ThreatConfidence int Het betrouwbaarheidsniveau van de geïdentificeerde bedreiging, genormaliseerd tot een waarde tussen 0 en 100.
ThreatField tekenreeks Het veld waarvoor een bedreiging is geïdentificeerd. De waarde is SrcIpAddr, DstIpAddr, Domain of DnsResponseName.
ThreatFirstReportedTime tekenreeks De eerste keer dat het IP-adres of domein als een bedreiging is geïdentificeerd.
ThreatFirstReportedTime_d datetime De eerste keer dat het IP-adres of domein als een bedreiging is geïdentificeerd.
ThreatId tekenreeks De id van de bedreiging of malware die in de websessie is geïdentificeerd.
ThreatIpAddr tekenreeks Een IP-adres waarvoor een bedreiging is geïdentificeerd. Het veld ThreatField bevat de naam van het veld ThreatIpAddr. Als een bedreiging wordt geïdentificeerd in het veld Domein, moet dit veld leeg zijn.

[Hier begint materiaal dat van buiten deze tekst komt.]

text \<open>If a w (1 - a) never occurs, an occurrence of w preceded by a is followed by a, and the
  return letter passes the a on to the next occurrence.\<close>
lemma preceding_letter_persists:
  assumes a: "a \<le> 1" "[a] @ w @ [1-a] \<notin> factors x (Suc (Suc n))"
    and t0: "occurs_at t0" "1 \<le> t0" "x (t0-1) = a"
  shows "t0 \<le> t' \<Longrightarrow> occurs_at t' \<Longrightarrow> x (t'-1) = a"
proof (induction t' rule: less_induct)
  case (less t')
  show ?case
  proof (cases "t' = t0")
    case False
    then obtain t where t: "occurs_at t" "t0 \<le> t" "t' = t + return_time t"
      using last_occurrence_before[OF t0(1) less.prems(2)] less.prems(1) by auto
    then have "t < t'" using return_time_spec(1)[OF t(1)] by simp
    then have xt: "x (t-1) = a" using less.IH t(1,2) by simp
    have "x (t+n) = a"
    proof (rule ccontr)
      assume "x (t+n) \<noteq> a"
      then have "x (t+n) = 1 - a" using letter_cases[of "t+n"] a(1) by auto
      moreover have "t - 1 + 1 = t" using t(2) t0(2) by simp
      ultimately have "\<exists>s. x s = a \<and> factor_at x (s+1) n = w \<and> x (s+1+n) = 1-a"
        using xt t(1) unfolding occurs_at_def by metis
      then show False using a(2) unfolding framed_in_factors_iff by blast
    qed
    moreover have "t' - 1 = t + return_time t - 1" using t(3) by simp
    ultimately show ?thesis
      using conjunct2[OF return_time_eq_return_of[OF t(1)]] return_letter_id[OF a(1)]
      by (simp only:)
  qed (use t0 in simp)
qed

theorem inconsistent: False
proof -
  obtain a where a: "a \<le> 1" "[a] @ w @ [1-a] \<notin> factors x (Suc (Suc n))"
    using some_cross_frame_missing by blast
  obtain sa where sa: "x sa = a" "occurs_at (sa+1)"
    using a(1) frame_letters occurs_at_s1 occurs_at_s2 by (cases a) auto
  obtain sb where sb: "x sb = 1-a" "occurs_at (sb+1)"
    using a(1) frame_letters occurs_at_s1 occurs_at_s2 by (cases a) auto
  obtain s where s: "s \<ge> 1" "factor_at x s (Suc n) = factor_at x sa (Suc n)"
    using recurs by blast
  then have s': "x s = a" "occurs_at (s+1)" using sa unfolding factor_at_Cons occurs_at_def by auto
  obtain s' where s2: "s' \<ge> s+1" "factor_at x s' (Suc n) = factor_at x sb (Suc n)"
    using recurs by blast
  then have "x s' = 1-a" "occurs_at (s'+1)" using sb unfolding factor_at_Cons occurs_at_def by auto
  moreover have "x (s'+1-1) = a"
    using preceding_letter_persists[OF a, of "s+1" "s'+1"] s' s2(1) calculation(2) by simp
  ultimately show False using a(1) by (cases a) auto
qed

end

theorem sturmian_balanced:
  assumes "binary_word x" "sturmian_word x"
  shows "balanced_with x 1"
  unfolding balanced_with_def
proof (intro allI, rule ccontr)
  fix i j L
  assume "\<not> weight x j L \<le> weight x i L + 1"
  then have "weight x i L + 2 \<le> weight x j L" by simp
  then have ex: "\<exists>n s1 s2. framed x n s1 s2" using unbalanced_imp_framed[OF assms(1)] by blast
  define n0 where "n0 = (LEAST n. \<exists>s1 s2. framed x n s1 s2)"
  obtain s1 s2 where framed: "framed x n0 s1 s2"
    using LeastI_ex[OF ex] unfolding n0_def by blast
  have minimal: "\<forall>n'<n0. \<forall>a b. \<not> framed x n' a b"
    unfolding n0_def using not_less_Least by blast
  interpret sturmian_framed x n0 s1 s2
    using assms framed minimal_framed_palindrome[OF assms(1) framed minimal]
    by unfold_locales auto
  show False by (rule inconsistent)
qed

text \<open>Averaging the balance inequality over q consecutive blocks of length L compares the window
  with the prefix of length q L, whose average density tends to the slope.\<close>
lemma balanced_imp_bounded_discrepancy:
  assumes bal: "balanced_with x C" and sl: "has_slope x \<alpha>"
  shows "\<bar>real (weight x i L) - real L * \<alpha>\<bar> \<le> real C"
proof (cases "L = 0")
  case False
  define A where "A = real (weight x i L)"
  define f where "f q = real (weight x 0 (q*L)) / real (q*L)" for q
  have "(\<lambda>q. (\<Sum>k<q*L. real (x k)) / real (q*L)) \<longlonglongrightarrow> \<alpha>"
    using LIMSEQ_subseq_LIMSEQ[OF sl[unfolded has_slope_def], of "\<lambda>q. q*L"] False
    by (simp add: strict_mono_def comp_def)
  then have "f \<longlonglongrightarrow> \<alpha>" unfolding f_def weight_def by simp
  then have lim: "(\<lambda>q. \<bar>f q - A / L\<bar>) \<longlonglongrightarrow> \<bar>\<alpha> - A / L\<bar>"
    by (intro tendsto_intros)
  have block: "\<bar>real (weight x 0 (q*L)) - real q * A\<bar> \<le> real q * C" for q
  proof -
    have "weight x 0 (q*L) \<le> (\<Sum>r<q. weight x i L + C)"
      unfolding weight_mult by (rule sum_mono) (use bal in \<open>auto simp: balanced_with_def\<close>)
    moreover have "(\<Sum>r<q. weight x i L) \<le> (\<Sum>r<q. weight x (0 + r*L) L + C)"
      by (rule sum_mono) (use bal in \<open>auto simp: balanced_with_def\<close>)
    ultimately have "real (weight x 0 (q*L)) \<le> real (q * weight x i L + q * C)"
      "real (q * weight x i L) \<le> real (weight x 0 (q*L) + q * C)"
      unfolding weight_mult of_nat_le_iff by (simp_all add: sum.distrib distrib_left)
    then show ?thesis unfolding A_def abs_le_iff by (simp add: algebra_simps)
  qed
  have "\<bar>f q - A / L\<bar> \<le> C / L" if "q \<ge> 1" for q
  proof -
    have "\<bar>f q - A / L\<bar> = \<bar>real (weight x 0 (q*L)) - real q * A\<bar> / (real q * L)"
      using that False by (simp add: f_def field_simps)
    also have "\<dots> \<le> real q * C / (real q * L)"
      using block that by (intro divide_right_mono) auto
    finally show ?thesis using that by simp
  qed
  then have "\<bar>\<alpha> - A / L\<bar> \<le> C / L"
    by (intro LIMSEQ_le_const2[OF lim]) auto
  then have "\<bar>\<alpha> - A / L\<bar> * L \<le> C" using False by (simp add: field_simps)
  moreover have "\<bar>\<alpha> - A / L\<bar> * L = \<bar>A - L * \<alpha>\<bar>"
    using False by (simp add: abs_mult[symmetric] field_simps abs_minus_commute)
  ultimately show ?thesis unfolding A_def by simp
qed simp

lemma periodic_balanced:
  assumes bin: "binary_word x" and p: "p > 0" "\<forall>i. x (i + p) = x i"
  shows "balanced_with x p"
proof -
  have const: "weight x i p = weight x 0 p" for i
  proof (induction i)
    case (Suc i)
    have "weight x i (Suc p) = weight x i p + x (i+p)" by (rule weight_Suc)
    moreover have "weight x i (Suc p) = x i + weight x (Suc i) p"
      unfolding weight_Suc_Cons by (simp add: weight_def)
    moreover have "x (i+p) = x i" using p(2) by blast
    ultimately show ?case using Suc.IH by linarith
  qed simp
  have bnd: "(L div p) * weight x 0 p \<le> weight x i L \<and> weight x i L < (L div p) * weight x 0 p + p"
    for i L
  proof -
    have "weight x i L = weight x i ((L div p) * p) + weight x (i + (L div p)*p) (L mod p)"
      using weight_add[of x i "(L div p) * p" "L mod p"] by simp
    moreover have "weight x i ((L div p) * p) = (\<Sum>r<L div p. weight x 0 p)"
      unfolding weight_mult by (rule sum.cong) (rule refl, rule const)
    moreover have "weight x (i + (L div p)*p) (L mod p) \<le> L mod p" by (rule weight_le[OF bin])
    moreover have "L mod p < p" using p(1) by simp
    ultimately show ?thesis by simp
  qed
  show ?thesis unfolding balanced_with_def
  proof (intro allI)
    fix i j L
    show "weight x j L \<le> weight x i L + p" using bnd[of L i] bnd[of L j] by linarith
  qed
qed

lemma binary_word_bounded_discrepancy:
  assumes bin: "binary_word u" and word: "periodic_word u \<or> sturmian_word u" and sl: "has_slope u \<alpha>"
  shows "\<exists>C. \<forall>i L. \<bar>real (weight u i L) - real L * \<alpha>\<bar> \<le> C"
proof -
  obtain C where "balanced_with u C"
  proof (cases "periodic_word u")
    case True
    then obtain p where "p > 0" "\<forall>i. u (i + p) = u i" unfolding periodic_word_def by blast
    then show ?thesis using that periodic_balanced[OF bin] by blast
  next
    case False
    then show ?thesis using that sturmian_balanced[OF bin] word by blast
  qed
  then show ?thesis using balanced_imp_bounded_discrepancy[OF _ sl] by blast
qed

lemma has_slope_nonneg: "has_slope u \<alpha> \<Longrightarrow> \<alpha> \<ge> 0"
  unfolding has_slope_def
  by (erule LIMSEQ_le_const) (auto intro!: divide_nonneg_nonneg sum_nonneg)

definition is_odd_var :: "gvar \<Rightarrow> bool" where
  "is_odd_var v = (case v of Y _ \<Rightarrow> True | X _ \<Rightarrow> False)"

definition odd_count :: "gvar nmon \<Rightarrow> nat" where
  "odd_count t = length (filter is_odd_var (leaves t))"

text \<open>Listing the z's in the order z_1^(1), ..., z_(m+w_1)^(1), z_1^(2), ..., the element
  z_j^(i) is the (z_offset m u (i - 1) + j)-th one.\<close>
definition z_offset :: "nat \<Rightarrow> (nat \<Rightarrow> nat) \<Rightarrow> nat \<Rightarrow> nat" where
  "z_offset m u i = (\<Sum>r<i. m + u r)"

text \<open>z_j^(i) is reached from a basis element z_j0^(i0) by d steps along the chain
  z_1^(1) -a-> ... -a-> z_(m+w_1)^(1) -b-> z_1^(2) -a-> ...; y counts the odd elements used: the
  steps by b, plus the start if it is odd.\<close>
definition z_reachable :: "nat \<Rightarrow> (nat \<Rightarrow> nat) \<Rightarrow> nat \<Rightarrow> nat \<Rightarrow> nat \<Rightarrow> nat \<Rightarrow> bool" where
  "z_reachable m u d y i j \<longleftrightarrow> 1 \<le> j \<and> j \<le> m + u (i-1) \<and>
     (\<exists>i0 j0. 1 \<le> i0 \<and> i0 \<le> i \<and> 1 \<le> j0 \<and> j0 \<le> m + u (i0-1) \<and>
        z_offset m u (i0-1) + j0 + d = z_offset m u (i-1) + j \<and>
        y = (i - i0) + (if even i0 then 1 else 0))"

ThreatIsActive bool De werkelijke id die door de bedreiging wordt geïdentificeerd, wordt beschouwd als een actieve bedreiging.
ThreatLastReportedTime tekenreeks De laatste keer dat het IP-adres of domein is geïdentificeerd als een bedreiging.
ThreatLastReportedTime_d datetime De laatste keer dat het IP-adres of domein is geïdentificeerd als een bedreiging.
ThreatName tekenreeks De naam van de bedreiging die is geïdentificeerd, zoals gerapporteerd door het rapportageapparaat.
ThreatOriginalConfidence tekenreeks Het oorspronkelijke betrouwbaarheidsniveau van de geïdentificeerde bedreiging, zoals gerapporteerd door het rapportageapparaat.
ThreatOriginalRiskLevel int Het oorspronkelijke risiconiveau dat is gekoppeld aan de geïdentificeerde bedreiging, zoals gerapporteerd door het rapportageapparaat.
ThreatOriginalRiskLevel_s tekenreeks Het risiconiveau dat is gekoppeld aan de geïdentificeerde bedreiging, genormaliseerd tot een waarde tussen 0 en 100.
ThreatRiskLevel int Het risiconiveau dat is gekoppeld aan de geïdentificeerde bedreiging, genormaliseerd tot een waarde tussen 0 en 100.
TimeGenerated datetime De tijdstempel (UTC) die de tijd weergeeft waarin de gebeurtenis is gegenereerd.
TransactionIdHex tekenreeks De unieke hex transactie-id van DNS.
Type tekenreeks De naam van de tabel
UrlCategory tekenreeks Een DNS-gebeurtenisbron kan ook de categorie van de aangevraagde domeinen opzoeken.